What is the residue of cot(z) at z=0?

[Dixanadu]

Homework Statement

So guys..the title says it! I need to find the residue of cot(z) at z=0.

Homework Equations

For this situation, since the pole order is 1

Residue=\lim_{z \to z_{0}}(z-z_{0})f(z)

The Attempt at a Solution

So here's what I am doing in steps:

First, the singularity is at z=0. So z_{0}=0.

Then I multiply both sides by (z-z_{0})=z...to get (z-z_{0})f(z)=zcot(z)

Now taking the limit of this is as z = 0 is 0 \times \frac{cos(0)}{sin(0)}=0...but this is wrong, the residue is 1...

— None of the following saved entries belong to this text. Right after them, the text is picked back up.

(* Let $\mathbb{F}\in\{\mathbb{R},\mathbb{C}\}$ and let $A$ be an $\ell\times\ell$ matrix over $\mathbb{F}$ whose minimal polynomial equals its characteristic polynomial. Then there is an $\ell\times\ell\times2$ tensor $T$ over $\mathbb{F}$ of rank at most $1$ such that $(E_\ell;A)-T$ is diagonalizable over $\mathbb{F}$. In particular $\mathrm{rank}_{\mathbb{F}}(E_\ell;A)\le \ell+1$.
   Context: For matrices $A,B$ of the same size $m\times n$, $(A;B)$ denotes the $m\times n\times 2$ tensor with slices $A,B$; tensors are added slicewise. A rank-one tensor over $\mathbb{F}$ has the form $(\alpha\,\mathbf{a}\mathbf{b}^T;\beta\,\mathbf{a}\mathbf{b}^T)$ with nonzero $\mathbf{a},\mathbf{b}$ and $(\alpha,\beta)\neq0$; $\mathrm{rank}_{\mathbb{F}}(T)$ is the minimal number of rank-one tensors summing to $T$. $E_\ell$ is the $\ell\times\ell$ identity. An $m\times n\times 2$ tensor $(A;B)$ is diagonalizable over $\mathbb{F}$ if there are nonsingular $P,Q$ over $\mathbb{F}$ and diagonal $D_A,D_B$ with $PAQ=(D_A,O)$, $PBQ=(D_B,O)$ if $m\le n$, and $PAQ=(D_A,O)^T$, $PBQ=(D_B,O)^T$ if $m>n$. *)

theory Defs
  imports "Jordan_Normal_Form.Matrix" "Jordan_Normal_Form.Char_Poly"
begin

definition mat_poly_eval :: "'a::field poly \<Rightarrow> 'a mat \<Rightarrow> 'a mat" where
  "mat_poly_eval p A = mat (dim_row A) (dim_row A)
     (\<lambda>(i,j). \<Sum>k\<le>degree p. coeff p k * (A ^\<^sub>m k) $$ (i,j))"

definition is_minimal_poly :: "'a::field mat \<Rightarrow> 'a poly \<Rightarrow> bool" where
  "is_minimal_poly A p \<longleftrightarrow> lead_coeff p = 1 \<and> mat_poly_eval p A = 0\<^sub>m (dim_row A) (dim_row A)
     \<and> (\<forall>q. q \<noteq> 0 \<and> mat_poly_eval q A = 0\<^sub>m (dim_row A) (dim_row A) \<longrightarrow> degree p \<le> degree q)"

definition minimal_poly :: "'a::field mat \<Rightarrow> 'a poly" where
  "minimal_poly A = (THE p. is_minimal_poly A p)"

(* m x n x 2 tensors (A;B) are represented as pairs of m x n matrices *)
type_synonym 'a tensor2 = "'a mat \<times> 'a mat"

definition tensor_carrier :: "nat \<Rightarrow> nat \<Rightarrow> 'a tensor2 set" where
  "tensor_carrier m n = carrier_mat m n \<times> carrier_mat m n"

definition tensor_add :: "'a::plus tensor2 \<Rightarrow> 'a tensor2 \<Rightarrow> 'a tensor2" where
  "tensor_add S T = (fst S + fst T, snd S + snd T)"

I know its something stupid that I am doing but what is it? even if i expand sin and cos I still end up with 0...

 

[B-80]

Study this argument carefully and see if that doesn't remind you of some elementary calculus:

0 \times \frac{cos(0)}{sin(0)}=0

 

[Dixanadu]

Yea I guess you're supposed to use L'Hopital's rule to find the behaviour of the function towards a limit...textbook didnt really say that

 

[B-80]

textbook didnt really say that

For most problems you encounter, there won't be a textbook to tell you anything at all. Take a minute to understand the trick.

 

[Dixanadu]

thanks for the hint tho bro!